# Task prompt:
For the material below, state how many lines have the word "longleftrightarrow" in them, with no other words.

# Data for review:
(* Let $f\in\mathbb{C}[h]$ and let $V$ be a simple $\mathcal{H}(f)$-module with $\dim V=n<\infty$. If $x^nV\neq 0$, then $V\cong A'_{\mathcal{H}(f)}(\lambda,\dot z,a)$ for some $\dot z\in\mathbb{C}$, $a\in\mathbb{C}^*$ and $\lambda\in S_f$ with $|\lambda|=n$.
   Context: For $f(h)\in\mathbb{C}[h]$, $\mathcal{H}(f)$ is the unital associative $\mathbb{C}$-algebra generated by $x,y,h$ with relations $hx=xf(h)$, $yh=f(h)y$, $yx-xy=f(h)-h$. $S_f$ is the set of maps $\lambda:\mathbb{Z}\to\mathbb{C}$ with $f(\lambda(i))=\lambda(i+1)$ for all $i$; $|\lambda|$ is the nonnegative generator of the subgroup $\{m\in\mathbb{Z}\mid\lambda(i+m)=\lambda(i)\ \forall i\}$. For $\lambda\in S_f$ with $|\lambda|=m\neq0$, $\dot z\in\mathbb{C}$, $a\in\mathbb{C}^*$: $A'_{\mathcal{H}(f)}(\lambda,\dot z,a)$ is the quotient of $\mathbb{C}[t,t^{-1}]$ by $\mathbb{C}[t,t^{-1}](t^m-a)$, with $\mathcal{H}(f)$-action induced by $ht^i=\lambda(i)t^i$, $xt^i=t^{i+1}$, $yt^i=(\lambda(i)+\dot z)t^{i-1}$ ($i\in\mathbb{Z}$). *)

theory Defs
  imports "HOL-Computational_Algebra.Polynomial" "Jordan_Normal_Form.Matrix"
begin

definition poly_mat :: "nat \<Rightarrow> complex poly \<Rightarrow> complex mat \<Rightarrow> complex mat" where
  "poly_mat n f A = foldr (\<lambda>c M. c \<cdot>\<^sub>m 1\<^sub>m n + A * M) (coeffs f) (0\<^sub>m n n)"

definition Hf_module :: "complex poly \<Rightarrow> nat \<Rightarrow> complex mat \<Rightarrow> complex mat \<Rightarrow> complex mat \<Rightarrow> bool" where
  "Hf_module f n X Y H \<longleftrightarrow>
     X \<in> carrier_mat n n \<and> Y \<in> carrier_mat n n \<and> H \<in> carrier_mat n n \<and>
     H * X = X * poly_mat n f H \<and>
     Y * H = poly_mat n f H * Y \<and>
     Y * X - X * Y = poly_mat n f H - H"

definition Hf_submodule :: "nat \<Rightarrow> complex mat \<Rightarrow> complex mat \<Rightarrow> complex mat \<Rightarrow> complex vec set \<Rightarrow> bool" where
  "Hf_submodule n X Y H W \<longleftrightarrow>
     W \<subseteq> carrier_vec n \<and> 0\<^sub>v n \<in> W \<and>
     (\<forall>v\<in>W. \<forall>w\<in>W. v + w \<in> W) \<and> (\<forall>c. \<forall>v\<in>W. c \<cdot>\<^sub>v v \<in> W) \<and>
     (\<forall>v\<in>W. X *\<^sub>v v \<in> W \<and> Y *\<^sub>v v \<in> W \<and> H *\<^sub>v v \<in> W)"

definition Hf_simple :: "complex poly \<Rightarrow> nat \<Rightarrow> complex mat \<Rightarrow> complex mat \<Rightarrow> complex mat \<Rightarrow> bool" where
  "Hf_simple f n X Y H \<longleftrightarrow> Hf_module f n X Y H \<and> n \<noteq> 0 \<and>
     (\<forall>W. Hf_submodule n X Y H W \<longrightarrow> W = {0\<^sub>v n} \<or> W = carrier_vec n)"

definition Hf_iso :: "nat \<Rightarrow> complex mat \<Rightarrow> complex mat \<Rightarrow> complex mat \<Rightarrow>
                      complex mat \<Rightarrow> complex mat \<Rightarrow> complex mat \<Rightarrow> bool" where
  "Hf_iso n X Y H X' Y' H' \<longleftrightarrow>
     (\<exists>P \<in> carrier_mat n n. invertible_mat P \<and>
        P * X = X' * P \<and> P * Y = Y' * P \<and> P * H = H' * P)"

definition S_f :: "complex poly \<Rightarrow> (int \<Rightarrow> complex) set" where
  "S_f f = {lam. \<forall>i. poly f (lam i) = lam (i + 1)}"

definition lam_period :: "(int \<Rightarrow> complex) \<Rightarrow> nat" where
  "lam_period lam = (THE g::nat. {m::int. \<forall>i. lam (i + m) = lam i} = range (\<lambda>k::int. k * int g))"

text \<open>The quotient C[t,t^-1]/(t^m - a) has basis t^0,...,t^(m-1), identified with the
  unit vectors of C^m; the class of t^i (i in Z) is a^(i div m) t^(i mod m).\<close>
definition tpow :: "nat \<Rightarrow> complex \<Rightarrow> int \<Rightarrow> complex vec" where
  "tpow m a i = (a powi (i div int m)) \<cdot>\<^sub>v unit_vec m (nat (i mod int m))"

text \<open>Matrices (w.r.t. the basis t^0..t^(m-1)) of the actions of x, y, h on
  A'(lambda, zdot, a): x t^i = t^(i+1), y t^i = (lambda i + zdot) t^(i-1), h t^i = lambda i t^i.\<close>
definition A'_X :: "nat \<Rightarrow> complex \<Rightarrow> complex mat" where
  "A'_X m a = mat m m (\<lambda>(r, j). tpow m a (int j + 1) $ r)"

definition A'_Y :: "(int \<Rightarrow> complex) \<Rightarrow> complex \<Rightarrow> nat \<Rightarrow> complex \<Rightarrow> complex mat" where
  "A'_Y lam zd m a = mat m m (\<lambda>(r, j). ((lam (int j) + zd) \<cdot>\<^sub>v tpow m a (int j - 1)) $ r)"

# Solution below:
4